About this exercise
Of the records that follow, copy only the lines from the line containing "b)\<^sup>2 \<le> 2" to the line containing "by (simp add: pos_le_divide_eq", both included, exactly as written.

Raw data
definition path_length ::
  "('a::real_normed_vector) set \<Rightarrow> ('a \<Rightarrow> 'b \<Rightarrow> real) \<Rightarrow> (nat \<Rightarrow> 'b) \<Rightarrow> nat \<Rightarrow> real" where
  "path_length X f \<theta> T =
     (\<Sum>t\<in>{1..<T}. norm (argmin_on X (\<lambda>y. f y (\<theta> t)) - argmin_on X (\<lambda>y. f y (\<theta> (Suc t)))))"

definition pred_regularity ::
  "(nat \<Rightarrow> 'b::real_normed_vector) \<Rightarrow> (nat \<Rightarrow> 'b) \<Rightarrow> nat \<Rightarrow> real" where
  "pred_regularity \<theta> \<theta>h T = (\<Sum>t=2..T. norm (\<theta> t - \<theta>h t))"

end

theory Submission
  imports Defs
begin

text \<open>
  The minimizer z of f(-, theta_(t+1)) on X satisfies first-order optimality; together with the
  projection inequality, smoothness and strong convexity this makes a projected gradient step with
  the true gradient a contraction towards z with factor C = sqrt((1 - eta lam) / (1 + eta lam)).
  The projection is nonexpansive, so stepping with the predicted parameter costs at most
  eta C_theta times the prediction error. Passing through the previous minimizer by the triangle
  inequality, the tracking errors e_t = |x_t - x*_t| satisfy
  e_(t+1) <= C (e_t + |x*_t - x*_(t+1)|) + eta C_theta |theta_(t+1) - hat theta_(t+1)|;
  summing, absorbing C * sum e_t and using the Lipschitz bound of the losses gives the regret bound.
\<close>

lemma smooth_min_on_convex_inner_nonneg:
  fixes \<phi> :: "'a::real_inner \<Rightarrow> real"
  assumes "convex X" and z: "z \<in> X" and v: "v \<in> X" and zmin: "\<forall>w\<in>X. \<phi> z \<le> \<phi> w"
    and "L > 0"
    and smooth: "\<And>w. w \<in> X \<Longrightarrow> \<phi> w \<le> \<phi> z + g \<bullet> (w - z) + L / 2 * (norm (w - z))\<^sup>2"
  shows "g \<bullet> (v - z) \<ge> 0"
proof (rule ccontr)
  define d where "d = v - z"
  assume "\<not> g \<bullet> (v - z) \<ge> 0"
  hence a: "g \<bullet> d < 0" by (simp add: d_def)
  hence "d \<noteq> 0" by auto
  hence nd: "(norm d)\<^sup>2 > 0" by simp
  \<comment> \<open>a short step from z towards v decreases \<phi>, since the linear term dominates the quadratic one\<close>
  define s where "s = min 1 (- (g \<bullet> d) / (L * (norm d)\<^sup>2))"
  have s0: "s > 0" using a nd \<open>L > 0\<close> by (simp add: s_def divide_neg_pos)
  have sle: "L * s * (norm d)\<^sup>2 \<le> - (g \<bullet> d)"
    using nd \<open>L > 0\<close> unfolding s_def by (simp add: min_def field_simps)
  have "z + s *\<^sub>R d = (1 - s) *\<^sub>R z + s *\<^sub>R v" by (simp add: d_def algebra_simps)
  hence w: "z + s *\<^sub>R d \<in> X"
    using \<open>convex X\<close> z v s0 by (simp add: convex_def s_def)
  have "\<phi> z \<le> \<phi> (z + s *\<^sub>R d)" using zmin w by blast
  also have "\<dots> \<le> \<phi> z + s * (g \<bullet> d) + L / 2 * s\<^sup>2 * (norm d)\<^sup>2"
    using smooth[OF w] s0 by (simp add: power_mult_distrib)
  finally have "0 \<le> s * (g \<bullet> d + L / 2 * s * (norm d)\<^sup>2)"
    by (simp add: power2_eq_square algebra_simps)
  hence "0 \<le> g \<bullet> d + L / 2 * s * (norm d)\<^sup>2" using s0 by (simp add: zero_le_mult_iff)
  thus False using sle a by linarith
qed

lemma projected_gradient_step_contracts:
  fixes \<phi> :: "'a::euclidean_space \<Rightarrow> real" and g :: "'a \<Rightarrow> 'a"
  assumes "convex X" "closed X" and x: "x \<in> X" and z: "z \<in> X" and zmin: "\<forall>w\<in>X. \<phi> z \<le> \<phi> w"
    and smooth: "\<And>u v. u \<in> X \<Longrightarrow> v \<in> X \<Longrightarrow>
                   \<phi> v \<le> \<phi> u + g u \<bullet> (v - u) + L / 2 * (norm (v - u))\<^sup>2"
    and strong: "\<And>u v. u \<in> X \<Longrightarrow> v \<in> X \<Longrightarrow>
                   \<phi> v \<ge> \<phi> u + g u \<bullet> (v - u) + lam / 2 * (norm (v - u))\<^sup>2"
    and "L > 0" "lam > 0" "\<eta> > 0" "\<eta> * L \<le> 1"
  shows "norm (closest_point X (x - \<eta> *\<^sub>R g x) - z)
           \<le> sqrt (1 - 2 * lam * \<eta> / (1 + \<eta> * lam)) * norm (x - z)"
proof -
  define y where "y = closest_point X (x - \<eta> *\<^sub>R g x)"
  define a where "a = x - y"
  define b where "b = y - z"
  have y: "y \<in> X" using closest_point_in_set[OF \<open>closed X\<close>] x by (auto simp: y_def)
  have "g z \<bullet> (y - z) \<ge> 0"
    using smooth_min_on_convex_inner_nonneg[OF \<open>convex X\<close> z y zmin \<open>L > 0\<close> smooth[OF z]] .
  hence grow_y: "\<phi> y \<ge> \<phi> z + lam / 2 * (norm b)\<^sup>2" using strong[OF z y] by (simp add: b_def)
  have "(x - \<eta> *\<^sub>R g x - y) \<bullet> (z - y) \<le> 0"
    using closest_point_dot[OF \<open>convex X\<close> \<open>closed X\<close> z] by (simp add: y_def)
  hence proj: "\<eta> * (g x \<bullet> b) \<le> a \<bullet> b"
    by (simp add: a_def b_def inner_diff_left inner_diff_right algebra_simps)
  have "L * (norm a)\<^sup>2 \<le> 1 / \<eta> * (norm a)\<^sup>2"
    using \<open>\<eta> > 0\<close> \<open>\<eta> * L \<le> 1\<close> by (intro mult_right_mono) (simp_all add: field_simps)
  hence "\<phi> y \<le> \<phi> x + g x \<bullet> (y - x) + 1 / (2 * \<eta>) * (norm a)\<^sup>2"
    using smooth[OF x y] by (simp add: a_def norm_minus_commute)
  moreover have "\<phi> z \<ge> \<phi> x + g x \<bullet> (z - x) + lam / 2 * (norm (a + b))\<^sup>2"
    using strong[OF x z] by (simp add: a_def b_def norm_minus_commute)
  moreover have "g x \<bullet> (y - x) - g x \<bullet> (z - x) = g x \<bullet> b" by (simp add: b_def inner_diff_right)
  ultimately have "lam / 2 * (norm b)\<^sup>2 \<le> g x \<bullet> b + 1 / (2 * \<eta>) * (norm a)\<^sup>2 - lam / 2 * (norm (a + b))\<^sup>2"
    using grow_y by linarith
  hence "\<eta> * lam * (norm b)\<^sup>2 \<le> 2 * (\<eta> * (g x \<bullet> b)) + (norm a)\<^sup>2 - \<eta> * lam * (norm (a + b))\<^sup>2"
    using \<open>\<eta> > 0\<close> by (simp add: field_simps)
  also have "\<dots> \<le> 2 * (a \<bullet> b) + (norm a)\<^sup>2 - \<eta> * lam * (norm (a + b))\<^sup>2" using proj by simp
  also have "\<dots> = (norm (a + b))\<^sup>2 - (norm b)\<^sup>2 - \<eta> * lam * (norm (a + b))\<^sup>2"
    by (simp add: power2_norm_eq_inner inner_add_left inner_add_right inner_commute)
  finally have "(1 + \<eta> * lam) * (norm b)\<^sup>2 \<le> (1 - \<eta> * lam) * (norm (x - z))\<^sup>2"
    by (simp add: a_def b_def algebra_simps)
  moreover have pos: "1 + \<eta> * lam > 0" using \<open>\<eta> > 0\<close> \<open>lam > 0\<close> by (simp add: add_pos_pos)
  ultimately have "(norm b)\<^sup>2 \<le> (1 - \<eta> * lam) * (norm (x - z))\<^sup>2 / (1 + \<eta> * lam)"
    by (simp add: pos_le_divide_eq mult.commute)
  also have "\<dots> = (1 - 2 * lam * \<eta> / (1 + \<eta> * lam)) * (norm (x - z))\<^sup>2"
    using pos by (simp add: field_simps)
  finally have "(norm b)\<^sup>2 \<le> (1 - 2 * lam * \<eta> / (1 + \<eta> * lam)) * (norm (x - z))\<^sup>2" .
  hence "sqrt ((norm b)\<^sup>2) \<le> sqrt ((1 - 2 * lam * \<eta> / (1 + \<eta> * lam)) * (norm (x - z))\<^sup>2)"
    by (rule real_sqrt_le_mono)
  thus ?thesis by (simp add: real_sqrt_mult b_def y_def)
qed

Response to this exercise
  hence "\<eta> * lam * (norm b)\<^sup>2 \<le> 2 * (\<eta> * (g x \<bullet> b)) + (norm a)\<^sup>2 - \<eta> * lam * (norm (a + b))\<^sup>2"
    using \<open>\<eta> > 0\<close> by (simp add: field_simps)
  also have "\<dots> \<le> 2 * (a \<bullet> b) + (norm a)\<^sup>2 - \<eta> * lam * (norm (a + b))\<^sup>2" using proj by simp
  also have "\<dots> = (norm (a + b))\<^sup>2 - (norm b)\<^sup>2 - \<eta> * lam * (norm (a + b))\<^sup>2"
    by (simp add: power2_norm_eq_inner inner_add_left inner_add_right inner_commute)
  finally have "(1 + \<eta> * lam) * (norm b)\<^sup>2 \<le> (1 - \<eta> * lam) * (norm (x - z))\<^sup>2"
    by (simp add: a_def b_def algebra_simps)
  moreover have pos: "1 + \<eta> * lam > 0" using \<open>\<eta> > 0\<close> \<open>lam > 0\<close> by (simp add: add_pos_pos)
  ultimately have "(norm b)\<^sup>2 \<le> (1 - \<eta> * lam) * (norm (x - z))\<^sup>2 / (1 + \<eta> * lam)"
    by (simp add: pos_le_divide_eq mult.commute)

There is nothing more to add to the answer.